MBA Chief Economist Predicts Downturn for US Economy This Year

He also believes the Fed will succeed in further reducing inflation.

SAN DIEGO—During an MBA CREF24 economic market outlook panel, Dr. Mike Fratantoni, Chief Economist and Senior Vice President of Research and Industry Technology at the Mortgage Bankers Association, provided an analysis of the economy and commercial as well as multifamily real estate finance markets. He began by highlighting the prevailing headwinds that challenge the exceptional performance the U.S. has experienced over the past year on the global stage.

“We anticipate a downturn in the U.S. economic landscape in the upcoming year… Observing the sentiments expressed by companies regarding their expenditure plans, manufacturing, and service provisions, it’s evident that they are not projecting robust growth,” he said. In terms of current inflation figures, he said that “we are in a better position compared to previous periods, with inflation rates exhibiting a decelerating trend.”

Fratantoni noted that “The Federal Reserve aims to further reduce this figure, and while we believe they will succeed, accomplishing this objective may take the remainder of the year due to certain persistent factors influencing inflation.”

The sector where he anticipates this slowdown to manifest most prominently is the job market. “Although we witnessed significant job losses during the pandemic, the subsequent recovery was extraordinary,” he explained.

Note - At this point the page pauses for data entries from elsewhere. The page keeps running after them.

(* Let $\nu\in(0,1]$ and $\delta\in(0,1]$. Then $$M_{\delta,\nu}\stackrel{d}{=} Z_{\nu,1}^{-1/\delta}\cdot M_{\delta},$$ where $Z_{\nu,1}$ and $M_\delta$ are independent.
   Context: $\stackrel{d}{=}$ denotes equality in distribution. For $\delta\in(0,1]$, $\nu>0$, $M_{\delta,\nu}$ denotes a nonnegative random variable with Laplace transform $(1+s^{\delta})^{-\nu}$, $s\ge0$, and $M_\delta=M_{\delta,1}$ (Mittag-Leffler distribution, Laplace transform $(1+s^\delta)^{-1}$). For $r\in(0,1)$, $Z_{r,1}=(G_{r,1}+G_{1-r,1})/G_{r,1}$ where $G_{r,1},G_{1-r,1}$ are independent gamma random variables with shapes $r,1-r$ and unit scale (density of $Z_{r,1}$: $\frac{1}{\Gamma(1-r)\Gamma(r)}\frac{\mathbf{1}(z\ge1)}{(z-1)^rz}$); $Z_{1,1}\equiv 1$. *)

theory Defs
  imports "HOL-Probability.Probability"
begin

text \<open>The law of a nonnegative random variable with Laplace transform
  (1 + s^delta)^(-nu), s >= 0 (the law of M_{delta,nu}).
  Since Laplace transforms on s >= 0 determine laws of nonnegative random
  variables, this characterises the law uniquely.\<close>
definition ml_law :: "real \<Rightarrow> real \<Rightarrow> real measure \<Rightarrow> bool" where
  "ml_law \<delta> \<nu> \<mu> \<longleftrightarrow>
     prob_space \<mu> \<and> sets \<mu> = sets borel \<and> (AE x in \<mu>. 0 \<le> x) \<and>
     (\<forall>s\<ge>0. (\<integral>x. exp (- (s * x)) \<partial>\<mu>) = (1 + s powr \<delta>) powr (- \<nu>))"

definition Z_law :: "real \<Rightarrow> real measure" where
  "Z_law r = (if r = 1 then return borel 1
     else density lborel (\<lambda>z. ennreal (indicator {1..} z /
            (Gamma (1 - r) * Gamma r * (z - 1) powr r * z))))"

end

theory Submission
  imports Defs
begin

text \<open>Conditionally on \<open>Z = z\<close>, the Laplace transform of \<open>Z\<^sup>-\<^sup>1\<^sup>/\<^sup>\<delta> M\<^sub>\<delta>\<close> at \<open>s\<close> is
  \<open>(1 + s\<^sup>\<delta>/z)\<^sup>-\<^sup>1 = z/(z + t)\<close> with \<open>t = s\<^sup>\<delta>\<close>. Averaging over the density of \<open>Z\<^sub>\<nu>\<^sub>,\<^sub>1\<close>
  gives \<open>\<integral>\<^sub>1\<^sup>\<infinity> (z - 1)\<^sup>-\<^sup>\<nu> / (z + t) dz / (\<Gamma>(\<nu>) \<Gamma>(1 - \<nu>))\<close>, and the substitution
  \<open>z = (1 + t)/u - t\<close> turns this into \<open>(1 + t)\<^sup>-\<^sup>\<nu>\<close> times a complete Beta integral
  \<open>B(\<nu>, 1 - \<nu>) = \<Gamma>(\<nu>) \<Gamma>(1 - \<nu>)\<close>, i.e. \<open>(1 + s\<^sup>\<delta>)\<^sup>-\<^sup>\<nu>\<close>.\<close>

lemma reciprocal_shift_image:
  fixes t :: real
  assumes "-1 < t"
  shows "(\<lambda>u. (1 + t) / u - t) ` {0<..<1} = {1<..}"
proof
  show "(\<lambda>u. (1 + t) / u - t) ` {0<..<1} \<subseteq> {1<..}"
  proof clarsimp
    fix u :: real
    assume "0 < u" "u < 1"
    then have "u * (1 + t) < 1 * (1 + t)"
      using assms by (intro mult_strict_right_mono) auto
    then show "1 < (1 + t) / u - t"
      using \<open>0 < u\<close> by (simp add: field_simps)
  qed
  show "{1<..} \<subseteq> (\<lambda>u. (1 + t) / u - t) ` {0<..<1}"
  proof
    fix z :: real
    assume "z \<in> {1<..}"
    then have "(1 + t) / (z + t) \<in> {0<..<1}" and "(1 + t) / ((1 + t) / (z + t)) - t = z"
      using assms by (auto simp: field_simps)
    then show "z \<in> (\<lambda>u. (1 + t) / u - t) ` {0<..<1}"
      by (metis image_eqI)
  qed
qed

lemma powr_reciprocal_substitution:
  fixes c u \<nu> :: real
  assumes "0 < c" "0 < u" "u < 1"
  shows "c / u\<^sup>2 * ((c * (1 - u) / u) powr (- \<nu>) / (c / u))
    = c powr (- \<nu>) * (u powr (\<nu> - 1) * (1 - u) powr (- \<nu>))"
proof -
  have "(c * (1 - u) / u) powr (- \<nu>) = c powr (- \<nu>) * (1 - u) powr (- \<nu>) / u powr (- \<nu>)"
    using assms by (simp add: powr_divide powr_mult)
  moreover have "u powr (\<nu> - 1) = u powr \<nu> / u" "u powr (- \<nu>) = 1 / u powr \<nu>"
    using assms by (simp_all add: powr_diff powr_minus_divide)
  ultimately show ?thesis
    using assms by (simp add: field_simps power2_eq_square)
qed

lemma has_integral_Ioi_powr_div_linear:
  fixes \<nu> t :: real
  assumes "0 < \<nu>" "\<nu> < 1" "-1 < t"
  shows "((\<lambda>z. (z - 1) powr (- \<nu>) / (z + t)) has_integral
          (1 + t) powr (- \<nu>) * Beta \<nu> (1 - \<nu>)) {1<..}"
proof -
  define c where "c = 1 + t"
  have "c > 0" using assms by (simp add: c_def)
  define f where "f z = (z - 1) powr (- \<nu>) / (z + t)" for z :: real
  define g where "g u = c / u - t" for u :: real
  define B where "B u = c powr (- \<nu>) * (u powr (\<nu> - 1) * (1 - u) powr ((1 - \<nu>) - 1))" for u :: real
  have B: "(B has_integral c powr (- \<nu>) * Beta \<nu> (1 - \<nu>)) {0<..<1}"
    unfolding B_def[abs_def] using has_integral_mult_right[OF has_integral_Beta_real[of \<nu> "1 - \<nu>"]] assms
    by (simp add: has_integral_Icc_iff_Ioo)
  have g': "(g has_field_derivative - c / u\<^sup>2) (at u within {0<..<1})" if "u \<in> {0<..<1}" for u
    using that unfolding g_def by (auto intro!: derivative_eq_intros simp: power2_eq_square)
  have "inj_on g {0<..<1}"
    using \<open>c > 0\<close> by (auto simp: inj_on_def g_def field_simps)
  have transformed: "\<bar>- c / u\<^sup>2\<bar> * f (g u) = B u" if "u \<in> {0<..<1}" for u
  proof -
    have "g u - 1 = c * (1 - u) / u" "g u + t = c / u"
      using that by (auto simp: g_def c_def field_simps)
    then show ?thesis
      using that \<open>c > 0\<close> powr_reciprocal_substitution[of c u \<nu>]
      by (simp add: f_def B_def abs_div)
  qed
  have "B absolutely_integrable_on {0<..<1}"
    using B by (intro nonnegative_absolutely_integrable_1) (auto simp: B_def)
  then have "(\<lambda>u. \<bar>- c / u\<^sup>2\<bar> * f (g u)) absolutely_integrable_on {0<..<1}"
    by (rule absolutely_integrable_spike[OF _ negligible_empty]) (metis Diff_empty transformed)
  moreover have "integral {0<..<1} (\<lambda>u. \<bar>- c / u\<^sup>2\<bar> * f (g u)) = c powr (- \<nu>) * Beta \<nu> (1 - \<nu>)"
  proof -
    have "integral {0<..<1} (\<lambda>u. \<bar>- c / u\<^sup>2\<bar> * f (g u)) = integral {0<..<1} B"
      by (rule integral_cong) (rule transformed)
    then show ?thesis
      using integral_unique[OF B] by simp
  qed
  ultimately have "f absolutely_integrable_on g ` {0<..<1} \<and>
      integral (g ` {0<..<1}) f = c powr (- \<nu>) * Beta \<nu> (1 - \<nu>)"
    by (subst has_absolute_integral_change_of_variables_1'[OF _ g' \<open>inj_on g _\<close>, symmetric]) auto
  moreover have "g ` {0<..<1} = {1<..}"
    using reciprocal_shift_image[OF assms(3)] by (simp add: g_def[abs_def] c_def)
  ultimately show ?thesis
    unfolding f_def c_def
    by (metis absolutely_integrable_on_def has_integral_integrable_integral)
qed

lemma AE_Z_law_ge_one: "AE z in Z_law r. 1 \<le> z"
  unfolding Z_law_def by (auto simp: AE_density AE_return indicator_def)

lemma nn_integral_Z_law_ratio:
  fixes r t :: real
  assumes "0 < r" "r \<le> 1" "-1 < t"
  shows "(\<integral>\<^sup>+z. ennreal (z / (z + t)) \<partial>Z_law r) = ennreal ((1 + t) powr (- r))"
proof (cases "r = 1")
  case True
  then show ?thesis
    using assms by (simp add: Z_law_def nn_integral_return powr_minus divide_simps)
next
  case False
  with assms have "r < 1" by simp
  define C where "C = Gamma (1 - r) * Gamma r"
  have "C > 0" using assms \<open>r < 1\<close> by (simp add: C_def)
  define F where "F z = (z - 1) powr (- r) / (z + t) / C" for z :: real
  have "Beta r (1 - r) = C"
    by (simp add: Beta_def C_def)
  then have F_integral: "(F has_integral (1 + t) powr (- r)) {1<..}"
    using has_integral_divide[OF has_integral_Ioi_powr_div_linear[OF assms(1) \<open>r < 1\<close> assms(3)], of C]
      \<open>C > 0\<close> unfolding F_def[abs_def] by simp
  have F_nonneg: "0 \<le> F z" if "z \<in> {1<..}" for z
    using that assms \<open>C > 0\<close> by (simp add: F_def)
  have density_times_ratio: "ennreal (indicator {1..} z / (C * (z - 1) powr r * z)) * ennreal (z / (z + t))
      = ennreal (F z) * indicator {1<..} z" for z :: real
  proof (cases "1 < z")
    case True
    then have "indicator {1..} z / (C * (z - 1) powr r * z) * (z / (z + t)) = F z"
      using assms \<open>C > 0\<close> by (simp add: F_def powr_minus divide_simps)
    then show ?thesis
      using True assms \<open>C > 0\<close> by (simp add: ennreal_mult'[symmetric] indicator_def)
  next
    case False
    then show ?thesis
      by (cases "z = 1") (auto simp: indicator_def)
  qed
  have "(\<integral>\<^sup>+z. ennreal (z / (z + t)) \<partial>Z_law r) = (\<integral>\<^sup>+z. ennreal (F z) * indicator {1<..} z \<partial>lborel)"
    using False by (simp add: Z_law_def C_def[symmetric] nn_integral_density density_times_ratio)
  also have "\<dots> = ennreal ((1 + t) powr (- r))"
    by (rule nn_integral_has_integral_lebesgue'[OF F_nonneg F_integral])
  finally show ?thesis .
qed

lemma nn_integral_exp_neg_eq_integral:
  fixes M :: "real measure" and s :: real
  assumes "prob_space M" "sets M = sets borel" "AE x in M. 0 \<le> x" "0 \<le> s"
  shows "(\<integral>\<^sup>+x. ennreal (exp (- (s * x))) \<partial>M) = ennreal (\<integral>x. exp (- (s * x)) \<partial>M)"
proof (rule nn_integral_eq_integral)
  interpret prob_space M by fact
  show "integrable M (\<lambda>x. exp (- (s * x)))"
    using assms(3,4) by (intro integrable_const_bound[where B = 1])
      (auto simp: measurable_cong_sets[OF assms(2) refl] elim!: eventually_mono)
qed auto

lemma ml_law_iff_nn_integral:
  "ml_law \<delta> \<nu> \<mu> \<longleftrightarrow> prob_space \<mu> \<and> sets \<mu> = sets borel \<and> (AE x in \<mu>. 0 \<le> x) \<and>
     (\<forall>s\<ge>0. (\<integral>\<^sup>+x. ennreal (exp (- (s * x))) \<partial>\<mu>) = ennreal ((1 + s powr \<delta>) powr (- \<nu>)))"
  unfolding ml_law_def
  by (auto simp: nn_integral_exp_neg_eq_integral integral_nonneg_AE)

lemma (in prob_space) nn_integral_indep_var:
  fixes f :: "'b \<Rightarrow> 'b \<Rightarrow> ennreal"
  assumes "indep_var S Y T X" and f: "case_prod f \<in> borel_measurable (S \<Otimes>\<^sub>M T)"
  shows "(\<integral>\<^sup>+\<omega>. f (Y \<omega>) (X \<omega>) \<partial>M) = (\<integral>\<^sup>+y. \<integral>\<^sup>+x. f y x \<partial>distr M T X \<partial>distr M S Y)"
proof -
  have Y: "random_variable S Y" and X: "random_variable T X"
    and joint: "distr M S Y \<Otimes>\<^sub>M distr M T X = distr M (S \<Otimes>\<^sub>M T) (\<lambda>\<omega>. (Y \<omega>, X \<omega>))"
    using assms(1) by (simp_all add: indep_var_distribution_eq)
  interpret Y: prob_space "distr M S Y" using Y by (rule prob_space_distr)
  interpret X: prob_space "distr M T X" using X by (rule prob_space_distr)
  interpret YX: pair_sigma_finite "distr M S Y" "distr M T X" ..
  have "(\<integral>\<^sup>+\<omega>. f (Y \<omega>) (X \<omega>) \<partial>M) = (\<integral>\<^sup>+p. case_prod f p \<partial>distr M (S \<Otimes>\<^sub>M T) (\<lambda>\<omega>. (Y \<omega>, X \<omega>)))"
    using X Y f by (subst nn_integral_distr) auto
  also have "\<dots> = (\<integral>\<^sup>+p. case_prod f p \<partial>(distr M S Y \<Otimes>\<^sub>M distr M T X))"
    by (simp only: joint)
  also have "\<dots> = (\<integral>\<^sup>+y. \<integral>\<^sup>+x. f y x \<partial>distr M T X \<partial>distr M S Y)"
    using f by (subst X.nn_integral_fst[symmetric]) auto
  finally show ?thesis .
qed

lemma ml_transform_rescale:
  fixes s z \<delta> :: real
  assumes "0 \<le> s" "0 < \<delta>" "0 < z"
  shows "(1 + (s * z powr (- 1 / \<delta>)) powr \<delta>) powr (- 1) = z / (z + s powr \<delta>)"
proof -
  have scaled: "(s * z powr (- 1 / \<delta>)) powr \<delta> = s powr \<delta> / z"
    using assms by (simp add: powr_mult powr_powr powr_neg_one)
  have "0 < 1 + s powr \<delta> / z"
    using assms by (simp add: add_pos_nonneg)
  then show ?thesis
    unfolding scaled using assms by (simp add: powr_neg_one field_simps)
qed

lemma nn_integral_Z_law_scaled_ml_laplace:
  fixes \<mu> :: "real measure"
  assumes "ml_law \<delta> 1 \<mu>" "0 < \<nu>" "\<nu> \<le> 1" "0 < \<delta>" "0 \<le> s"
  shows "(\<integral>\<^sup>+z. \<integral>\<^sup>+x. ennreal (exp (- (s * z powr (- 1 / \<delta>) * x))) \<partial>\<mu> \<partial>Z_law \<nu>)
    = ennreal ((1 + s powr \<delta>) powr (- \<nu>))"
proof -
  have "(\<integral>\<^sup>+z. \<integral>\<^sup>+x. ennreal (exp (- (s * z powr (- 1 / \<delta>) * x))) \<partial>\<mu> \<partial>Z_law \<nu>)
      = (\<integral>\<^sup>+z. ennreal (z / (z + s powr \<delta>)) \<partial>Z_law \<nu>)"
  proof (rule nn_integral_cong_AE)
    show "AE z in Z_law \<nu>. (\<integral>\<^sup>+x. ennreal (exp (- (s * z powr (- 1 / \<delta>) * x))) \<partial>\<mu>)
        = ennreal (z / (z + s powr \<delta>))"
      using AE_Z_law_ge_one
    proof eventually_elim
      case (elim z)
      then show ?case
        using assms(1,4,5) ml_transform_rescale[of s \<delta> z]
        by (simp add: ml_law_iff_nn_integral)
    qed
  qed
  also have "\<dots> = ennreal ((1 + s powr \<delta>) powr (- \<nu>))"
    by (rule nn_integral_Z_law_ratio) (use assms(2,3) in \<open>auto intro: less_le_trans[OF _ powr_ge_zero]\<close>)
  finally show ?thesis .
qed

theorem theorem4:
  fixes \<nu> \<delta> :: real and P :: "'a measure" and Z X :: "'a \<Rightarrow> real"
  assumes "prob_space P"
    and "0 < \<nu>" "\<nu> \<le> 1" "0 < \<delta>" "\<delta> \<le> 1"
    and "Z \<in> borel_measurable P" "X \<in> borel_measurable P"
    and "prob_space.indep_var P borel Z borel X"
    and "distr P borel Z = Z_law \<nu>"
    and "ml_law \<delta> 1 (distr P borel X)"
  shows "ml_law \<delta> \<nu> (distr P borel (\<lambda>\<omega>. Z \<omega> powr (- 1 / \<delta>) * X \<omega>))"
proof -
  interpret prob_space P by fact
  note [measurable] = assms(6,7)
  have X_nonneg: "AE \<omega> in P. 0 \<le> X \<omega>"
    using assms(10) by (simp add: ml_law_iff_nn_integral AE_distr_iff)
  have "(\<integral>\<^sup>+\<omega>. ennreal (exp (- (s * (Z \<omega> powr (- 1 / \<delta>) * X \<omega>)))) \<partial>P)
      = ennreal ((1 + s powr \<delta>) powr (- \<nu>))" if "0 \<le> s" for s
  proof -
    have "(\<integral>\<^sup>+\<omega>. ennreal (exp (- (s * (Z \<omega> powr (- 1 / \<delta>) * X \<omega>)))) \<partial>P)
        = (\<integral>\<^sup>+z. \<integral>\<^sup>+x. ennreal (exp (- (s * z powr (- 1 / \<delta>) * x))) \<partial>distr P borel X \<partial>Z_law \<nu>)"
      using nn_integral_indep_var[OF assms(8), where f = "\<lambda>z x. ennreal (exp (- (s * z powr (- 1 / \<delta>) * x)))"]
      by (simp add: assms(9) mult.assoc)
    then show ?thesis
      using nn_integral_Z_law_scaled_ml_laplace[OF assms(10) assms(2-4) that] by simp
  qed
  then show ?thesis
    using X_nonneg
    by (auto simp: ml_law_iff_nn_integral prob_space_distr AE_distr_iff nn_integral_distr elim!: eventually_mono)
qed

end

However, there are indications that these employment figures might undergo downward revisions, he said. “Despite this, our projection indicates an unemployment rate of approximately 4.5% by the year’s end.”

What underscores our expectation of this weakness persisting, he asked, is a closer examination of the job gains that reveal a reliance on a narrow spectrum of industries for employment growth, primarily encompassing retail, hospitality, government, and healthcare. “This limited diversification raises concerns,” he said. “Additionally, indicators such as job openings and hiring rates have displayed a slowdown, indicating a cautious approach by companies towards recruitment.”

Another point Fratantoni explained was that the banking system continues to grapple with the aftermath of the pandemic, leading to tight credit conditions. “Historically, such a tightening of credit within the banking system aligns with the onset of a recession. While we haven’t reached that point yet, it’s a challenge we’re actively addressing.”